The masque of madmen Ferdinand sends to the Duchess' chambers in act IV also lends evidence to the Duchess' nobility and Ferdinand's twisted ambition. By presenting the madmen to a sister who still clings to noble virtue, Ferdinand "forces the Duchess to see and experience all those vices which should make her, as a female governor, unfit to rule her dukedom and her fortune . . . Ferdinand's allegory of woman's proverbial madness, vanity, and impiety is therefore an exercise in identity manipulation; demonstrating through association that the Duchess shares the vices common to all women, he seeks to prove that she is not, properly speaking, a female prince" (Desmet 84). I would take this argument a step further by postulating that the combination of Ferdinand's incestuous desire for his sister and his own political ambition causes his warped sense of female vices and that these vices are initially defined by the patriarchy to subjugate women into subservient roles. While the Duchess' intended separation of body politic and body natural causes much debate, the Duchess' actions and motives are not driven by political ambition, but rather driven by a need to seek her own identity in a world where the patriarchal Ferdinand does not allow her a public or private identity.

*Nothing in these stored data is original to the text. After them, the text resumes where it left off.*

lemma inversions_comp_transpose:
  assumes i: "1 \<le> i" "i + 1 \<le> n" and descent: "\<sigma> (i + 1) < \<sigma> i"
  shows "inversions n (\<sigma> \<circ> transpose i (i + 1)) + 1 = inversions n \<sigma>"
proof -
  let ?t = "transpose i (i + 1)"
  define I where "I \<tau> = {(a, b). 1 \<le> a \<and> a < b \<and> b \<le> n \<and> \<tau> a > \<tau> b}" for \<tau> :: "nat \<Rightarrow> nat"
  have finite: "finite (I \<tau>)" for \<tau>
    by (rule finite_subset[of _ "{1..n} \<times> {1..n}"]) (auto simp: I_def)
  have mem: "(?t a, ?t b) \<in> I (\<sigma> \<circ> ?t) \<longleftrightarrow> (a, b) \<in> I \<sigma> - {(i, i + 1)}" for a b
  proof (cases "{a, b} = {i, i + 1}")
    case True
    then show ?thesis
      using descent by (auto simp: I_def doubleton_eq_iff)
  next
    case False
    then have "?t a < ?t b \<longleftrightarrow> a < b"
      by (auto simp: transpose_def doubleton_eq_iff)
    moreover have "1 \<le> ?t a \<longleftrightarrow> 1 \<le> a" "?t b \<le> n \<longleftrightarrow> b \<le> n"
      using i by (auto simp: transpose_def)
    ultimately show ?thesis
      using False by (auto simp: I_def)
  qed
  have involution: "map_prod ?t ?t (map_prod ?t ?t p) = p" for p
    by (cases p) simp
  have "map_prod ?t ?t ` I (\<sigma> \<circ> ?t) = I \<sigma> - {(i, i + 1)}"
  proof (intro set_eqI iffI)
    fix p assume "p \<in> map_prod ?t ?t ` I (\<sigma> \<circ> ?t)"
    then have "map_prod ?t ?t p \<in> I (\<sigma> \<circ> ?t)"
      using involution by auto
    then show "p \<in> I \<sigma> - {(i, i + 1)}"
      using mem by (cases p) simp
  next
    fix p assume "p \<in> I \<sigma> - {(i, i + 1)}"
    then have "map_prod ?t ?t p \<in> I (\<sigma> \<circ> ?t)"
      using mem by (cases p) simp
    then show "p \<in> map_prod ?t ?t ` I (\<sigma> \<circ> ?t)"
      using involution by (metis image_eqI)
  qed
  moreover have "inj (map_prod ?t ?t)"
    by (metis involution injI)
  moreover have "(i, i + 1) \<in> I \<sigma>"
    using i descent by (simp add: I_def)
  ultimately have "card (I (\<sigma> \<circ> ?t)) + 1 = card (I \<sigma>)"
    using finite by (metis card_Suc_Diff1 card_image inj_on_subset subset_UNIV Suc_eq_plus1)
  then show ?thesis
    by (simp add: inversions_def I_def)
qed
lemma orthogonal_complex_structure_sum:
  fixes A B :: "'a::real_inner set"
  assumes A: "subspace A" and B: "subspace B" and AB: "\<And>a b. a \<in> A \<Longrightarrow> b \<in> B \<Longrightarrow> inner a b = 0"
    and JA: "orthogonal_complex_structure A JA" and JB: "orthogonal_complex_structure B JB"
  shows "orthogonal_complex_structure {a + b | a b. a \<in> A \<and> b \<in> B} (\<lambda>v. JA v + JB v)"
proof -
  have lA: "linear JA" and JAA: "\<And>a. a \<in> A \<Longrightarrow> JA a \<in> A" and JA2: "\<And>a. a \<in> A \<Longrightarrow> JA (JA a) = - a"
    and JAi: "\<And>a a'. a \<in> A \<Longrightarrow> a' \<in> A \<Longrightarrow> inner (JA a) (JA a') = inner a a'"
    and JAo: "\<And>v. v \<in> A\<^sup>\<bottom> \<Longrightarrow> JA v = 0"
    using JA by (auto simp: orthogonal_complex_structure_def)
  have lB: "linear JB" and JBB: "\<And>b. b \<in> B \<Longrightarrow> JB b \<in> B" and JB2: "\<And>b. b \<in> B \<Longrightarrow> JB (JB b) = - b"
    and JBi: "\<And>b b'. b \<in> B \<Longrightarrow> b' \<in> B \<Longrightarrow> inner (JB b) (JB b') = inner b b'"
    and JBo: "\<And>v. v \<in> B\<^sup>\<bottom> \<Longrightarrow> JB v = 0"
    using JB by (auto simp: orthogonal_complex_structure_def)
  have BA: "\<And>a b. a \<in> A \<Longrightarrow> b \<in> B \<Longrightarrow> inner b a = 0" using AB by (simp add: inner_commute)
  have J: "JA (a + b) + JB (a + b) = JA a + JB b" if "a \<in> A" "b \<in> B" for a b
    using that AB BA by (intro orthogonal_complex_structure_add[OF JA JB]) (auto simp: orthogonal_comp_iff)
  let ?S = "{a + b | a b. a \<in> A \<and> b \<in> B}"
  show ?thesis
    unfolding orthogonal_complex_structure_def
  proof (intro conjI ballI)
    show "linear (\<lambda>v. JA v + JB v)" using lA lB by (rule linear_compose_add)
  next
    fix v assume "v \<in> ?S"
    then obtain a b where ab: "a \<in> A" "b \<in> B" "v = a + b" by blast
    show "JA v + JB v \<in> ?S" using J[OF ab(1,2)] JAA JBB ab by blast
    show "JA (JA v + JB v) + JB (JA v + JB v) = - v"
      using J[OF JAA JBB] J[OF ab(1,2)] JA2 JB2 ab by simp
  next
    fix v w assume "v \<in> ?S" "w \<in> ?S"
    then obtain a b a' b' where ab: "a \<in> A" "b \<in> B" "v = a + b" "a' \<in> A" "b' \<in> B" "w = a' + b'"
      by blast
    have "inner (JA v + JB v) (JA w + JB w) = inner (JA a + JB b) (JA a' + JB b')"
      using J ab by simp
    also have "\<dots> = inner (JA a) (JA a') + inner (JB b) (JB b')"
      using AB BA JAA JBB ab by (simp add: inner_add_left inner_add_right)
    also have "\<dots> = inner v w" using AB BA JAi JBi ab by (simp add: inner_add_left inner_add_right)
    finally show "inner (JA v + JB v) (JA w + JB w) = inner v w" .
  next
    fix v assume "v \<in> ?S\<^sup>\<bottom>"
    moreover have "A \<subseteq> ?S" "B \<subseteq> ?S" using subspace_0[OF A] subspace_0[OF B] by force+
    ultimately have "v \<in> A\<^sup>\<bottom>" "v \<in> B\<^sup>\<bottom>" using orthogonal_comp_anti_mono by blast+
    then show "JA v + JB v = 0" using JAo JBo by simp
  qed
qed

lemma intertwiner_orthogonal_complex_structure_sum:
  assumes pl: "\<And>x. linear (\<pi> x)" and AB: "\<And>a b. a \<in> A \<Longrightarrow> b \<in> B \<Longrightarrow> inner a b = 0"
    and A: "\<And>x a. a \<in> A \<Longrightarrow> \<pi> x a \<in> A" and B: "\<And>x b. b \<in> B \<Longrightarrow> \<pi> x b \<in> B"
    and JA: "orthogonal_complex_structure A JA" "intertwiner \<pi> A A JA"
    and JB: "orthogonal_complex_structure B JB" "intertwiner \<pi> B B JB"
  shows "intertwiner \<pi> {a + b | a b. a \<in> A \<and> b \<in> B} {a + b | a b. a \<in> A \<and> b \<in> B} (\<lambda>v. JA v + JB v)"
proof -
  have lA: "linear JA" and lB: "linear JB" using JA(2) JB(2) by (auto simp: intertwiner_def)
  have J: "JA (a + b) + JB (a + b) = JA a + JB b" if "a \<in> A" "b \<in> B" for a b
    using that AB AB[THEN inner_commute[THEN trans]]
    by (intro orthogonal_complex_structure_add[OF JA(1) JB(1)]) (auto simp: orthogonal_comp_iff)
  show ?thesis
    unfolding intertwiner_def
  proof (intro conjI allI ballI subsetI)
    show "linear (\<lambda>v. JA v + JB v)" using lA lB by (rule linear_compose_add)
  next
    fix v assume "v \<in> (\<lambda>v. JA v + JB v) ` {a + b | a b. a \<in> A \<and> b \<in> B}"
    then show "v \<in> {a + b | a b. a \<in> A \<and> b \<in> B}"
      using J JA(2) JB(2) by (fastforce simp: intertwiner_def)
  next
    fix x v assume "v \<in> {a + b | a b. a \<in> A \<and> b \<in> B}"
    then obtain a b where ab: "a \<in> A" "b \<in> B" "v = a + b" by blast
    have "JA (\<pi> x v) + JB (\<pi> x v) = JA (\<pi> x a) + JB (\<pi> x b)"
      using J[OF A B] ab linear_add[OF pl] by simp
    also have "\<dots> = \<pi> x (JA v + JB v)"
      using J ab JA(2) JB(2) linear_add[OF pl] by (simp add: intertwiner_def)
    finally show "JA (\<pi> x v) + JB (\<pi> x v) = \<pi> x (JA v + JB v)" .
  qed
qed

lemma intertwiner_cong:
  assumes "intertwiner \<pi> A B K" "invariant_subspace \<pi> A" "linear J" "\<And>v. v \<in> A \<Longrightarrow> J v = K v"
  shows "intertwiner \<pi> A B J"
  using assms by (auto simp: intertwiner_def invariant_subspace_def)

lemma dim_span_orthogonal_pair:
  fixes e f :: "'a::euclidean_space"
  assumes "e \<noteq> 0" "f \<noteq> 0" "inner e f = 0"
  shows "dim (span {e, f}) = 2"
proof -
  have "independent {e, f}"
    by (rule pairwise_orthogonal_independent)
      (use assms in \<open>auto simp: pairwise_def orthogonal_def inner_commute\<close>)
  moreover have "e \<noteq> f" using assms by auto
  ultimately show ?thesis using dim_span_eq_card_independent by fastforce
qed

lemma orthogonal_comp_span_pairI:
  fixes e f v :: "'a::euclidean_space"
  assumes "inner v e = 0" "inner v f = 0"
  shows "v \<in> (span {e, f})\<^sup>\<bottom>"
proof -
  have "orthogonal v a" if "a \<in> span {e, f}" for a
    using orthogonal_to_span[OF that] assms by (auto simp: orthogonal_def)
  then show ?thesis by (auto simp: orthogonal_comp_iff orthogonal_def)
qed

lemma even_dim_if_complex_structure:
  fixes J :: "'a::euclidean_space \<Rightarrow> 'a"
  assumes J: "linear J"
  shows "subspace E \<Longrightarrow> \<forall>v\<in>E. J v \<in> E \<Longrightarrow> \<forall>v\<in>E. J (J v) = - v \<Longrightarrow>
    \<forall>v\<in>E. \<forall>w\<in>E. inner (J v) (J w) = inner v w \<Longrightarrow> even (dim E)"
proof (induction "dim E" arbitrary: E rule: less_induct)
  case less
  show ?case
  proof (cases "E = {0}")
    case True then show ?thesis by simp
  next
    case False
    then obtain e where e: "e \<in> E" "e \<noteq> 0" using less.prems(1) subspace_0 by blast
    have Je: "J e \<in> E" "J (J e) = - e" using less.prems(2,3) e by auto
    have "inner (J e) (J (J e)) = inner e (J e)" using less.prems(4) e Je by blast
    then have eJe: "inner e (J e) = 0" using Je by (simp add: inner_commute)
    have "J e \<noteq> 0" using e Je linear_0[OF J] by auto
    define A where "A = span {e, J e}"
    have dA: "dim A = 2" unfolding A_def using dim_span_orthogonal_pair e(2) \<open>J e \<noteq> 0\<close> eJe by blast
    have AE: "A \<subseteq> E" unfolding A_def using e Je less.prems(1) by (simp add: span_minimal)
    define E' where "E' = E \<inter> A\<^sup>\<bottom>"
    have sE': "subspace E'"
      unfolding E'_def using less.prems(1) subspace_orthogonal_comp by (rule subspace_inter)
    have dimE: "dim A + dim E' = dim E"
      unfolding E'_def using dim_orthogonal_comp_Int[OF _ less.prems(1) AE] by (simp add: A_def)
    \<comment> \<open>\<open>A\<close> is \<open>J\<close>-invariant and \<open>J\<close> is orthogonal, so \<open>J\<close> also preserves \<open>E'\<close>.\<close>
    have "\<forall>v\<in>E'. J v \<in> E'"
    proof
      fix v assume v: "v \<in> E'"
      have "e \<in> A" "J e \<in> A" unfolding A_def by (auto intro: span_base)
      then have vE: "v \<in> E" and v0: "inner v e = 0" "inner v (J e) = 0"
        using v by (auto simp: E'_def orthogonal_comp_iff)
      have "inner (J v) e = - inner (J v) (J (J e))" using Je by simp
      also have "\<dots> = - inner v (J e)" using less.prems(4) vE Je(1) by simp
      finally have "inner (J v) e = 0" using v0 by simp
      moreover have "inner (J v) (J e) = 0" using less.prems(4) vE e v0 by simp
      ultimately show "J v \<in> E'"
        using less.prems(2) vE orthogonal_comp_span_pairI by (simp add: E'_def A_def)
    qed
    then have "even (dim E')" using less.hyps[of E'] dimE dA sE' less.prems(3,4) by (simp add: E'_def)
    then show ?thesis using dimE dA by presburger
  qed
qed

lemma orthogonal_complex_structure_span_pair:
  fixes e1 e2 :: "'a::euclidean_space"
  assumes n: "norm e1 = 1" "norm e2 = 1" "inner e1 e2 = 0"
  shows "orthogonal_complex_structure (span {e1, e2}) (\<lambda>v. inner v e1 *\<^sub>R e2 - inner v e2 *\<^sub>R e1)"
proof -
  define A where "A = span {e1, e2}"
  define K where "K = (\<lambda>v. inner v e1 *\<^sub>R e2 - inner v e2 *\<^sub>R e1)"
  have eA: "e1 \<in> A" "e2 \<in> A" by (auto simp: A_def intro: span_base)
  have i: "inner e1 e1 = 1" "inner e2 e2 = 1" "inner e2 e1 = 0"
    using n by (auto simp: dot_square_norm inner_commute)
  have exp: "v = inner v e1 *\<^sub>R e1 + inner v e2 *\<^sub>R e2" if "v \<in> A" for v
  proof -
    define d where "d = v - (inner v e1 *\<^sub>R e1 + inner v e2 *\<^sub>R e2)"
    have "d \<in> A" using that eA by (simp add: A_def d_def subspace_diff subspace_add subspace_mul)
    moreover have "d \<in> A\<^sup>\<bottom>"
      unfolding A_def by (rule orthogonal_comp_span_pairI) (simp_all add: d_def inner_diff_left inner_add_left i n(3))
    ultimately have "d = 0" using orthogonal_Int_0[of A] by (auto simp: A_def)
    then show ?thesis by (simp add: d_def)
  qed
  have "orthogonal_complex_structure A K"
    unfolding orthogonal_complex_structure_def
  proof (intro conjI ballI)
    show "linear K" unfolding K_def by (rule linearI) (simp_all add: inner_add_left algebra_simps)
    show "K v \<in> A" for v using eA by (simp add: K_def A_def subspace_diff subspace_mul)
    show "K (K v) = - v" if "v \<in> A" for v
      using exp[OF that] by (simp add: K_def inner_diff_left i n(3) algebra_simps)
    show "inner (K v) (K w) = inner v w" if "v \<in> A" "w \<in> A" for v w
    proof -
      have "inner (K v) (K w) = inner v e1 * inner w e1 + inner v e2 * inner w e2"
        by (simp add: K_def inner_diff_left inner_diff_right i n(3))
      also have "\<dots> = inner v w" by (subst (3) exp[OF that(2)]) (simp add: inner_add_right)
      finally show ?thesis .
    qed
    show "K v = 0" if "v \<in> A\<^sup>\<bottom>" for v using that eA by (simp add: K_def orthogonal_comp_iff inner_commute)
  qed
  then show ?thesis by (simp add: A_def K_def)
qed
(* Let $p$ be an odd prime and let $G_p=W_p/Z(W_p)$, where $W_p=C_2\wr C_p$. Then $\mathrm{diam}_{\max}(G_p)\le \frac{13}{2}(p-1)$.
   Context: The wreath product $W_p=C_2\wr C_p$ is $U\rtimes C_p$ with $U=\mathbb{F}_2^{\,p}$ and a generator of the cyclic group $C_p$ acting by cyclically permuting coordinates. Its center is $Z(W_p)=\{(0,\dots,0),(1,\dots,1)\}$ (of order 2), so $G_p=V\rtimes C$ where $V=U/Z(W_p)$ has dimension $p-1$ over $\mathbb{F}_2$ and $C$ is cyclic of order $p$. For a finite group $G$ and generating set $X$, $\mathrm{diam}(G,X)$ is the smallest $k$ such that every element of $G$ is a product of at most $k$ elements of $X\cup X^{-1}$ (the diameter of the undirected Cayley graph), and $\mathrm{diam}_{\max}(G)=\max\{\mathrm{diam}(G,X): X\subseteq G,\ \langle X\rangle=G\}$. *)

theory Defs
  imports Complex_Main "HOL-Algebra.Coset" "HOL-Algebra.Generated_Groups" "HOL-Computational_Algebra.Primes"
begin

text \<open>Cyclic shift of coordinates of a vector in F_2^p (vectors are functions
  nat => bool, with value False outside {0..<p}); a in C_p acts by shifting by a.\<close>
definition cshift :: "nat \<Rightarrow> nat \<Rightarrow> (nat \<Rightarrow> bool) \<Rightarrow> (nat \<Rightarrow> bool)" where
  "cshift p a v = (\<lambda>i. if i < p then v ((i + p - a mod p) mod p) else False)"

definition wreath_mult :: "nat \<Rightarrow> (nat \<Rightarrow> bool) \<times> nat \<Rightarrow> (nat \<Rightarrow> bool) \<times> nat \<Rightarrow> (nat \<Rightarrow> bool) \<times> nat" where
  "wreath_mult p x y = ((\<lambda>i. fst x i \<noteq> cshift p (snd x) (fst y) i), (snd x + snd y) mod p)"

Through Ferdinand murdering his sister, Webster attempts to reaffirm a stable patriarchy. Oakes contends that "the Duchess comports herself in a way that is congruent with her society's mores, but not with her brother's wishes, and in the end he wins" (52). The Duchess' claim before she dies that she is "Duchess of Malfi still" (IV.iv.128) can be seen not as an affirmation of her power in the face of patriarchy, but, as Oakes eloquently states, "with that title she negates her relationship with Antonio: she becomes the woman carved in stone that Ferdinand wanted her to be" (52). In other words, the Duchess reverts to Ferdinand's wish for her to be a chaste widow and shuns her marriage to Antonio, ultimately giving in to her brother's depiction of the patriarchy.
Ultimately, Webster's patriarchy fails to reaffirm its stable identity in act five due to the corrupt nature of its leaders. After the Duchess' death and before Antonio is "mistakenly" murdered by Bosola, the corrupt Cardinal and Ferdinand attempt to bring Antonio back to Malfi for execution. The Cardinal gives Antonio's land to his mistress Julia, herself a sign of the Cardinal's corruptibility, and Antonio replies that they "fortify themselves with my ruin!" (V.i.37). The scene here shows that the Cardinal attempts to "fortify" the patriarchy, but ultimately fails to do so due to both his and Ferdinand's corrupt nature. While the Cardinal attempts to reestablish the patriarchy, Ferdinand echoes his own madness with a retreat into lycanthropy, a fitting end for a corrupt political leader.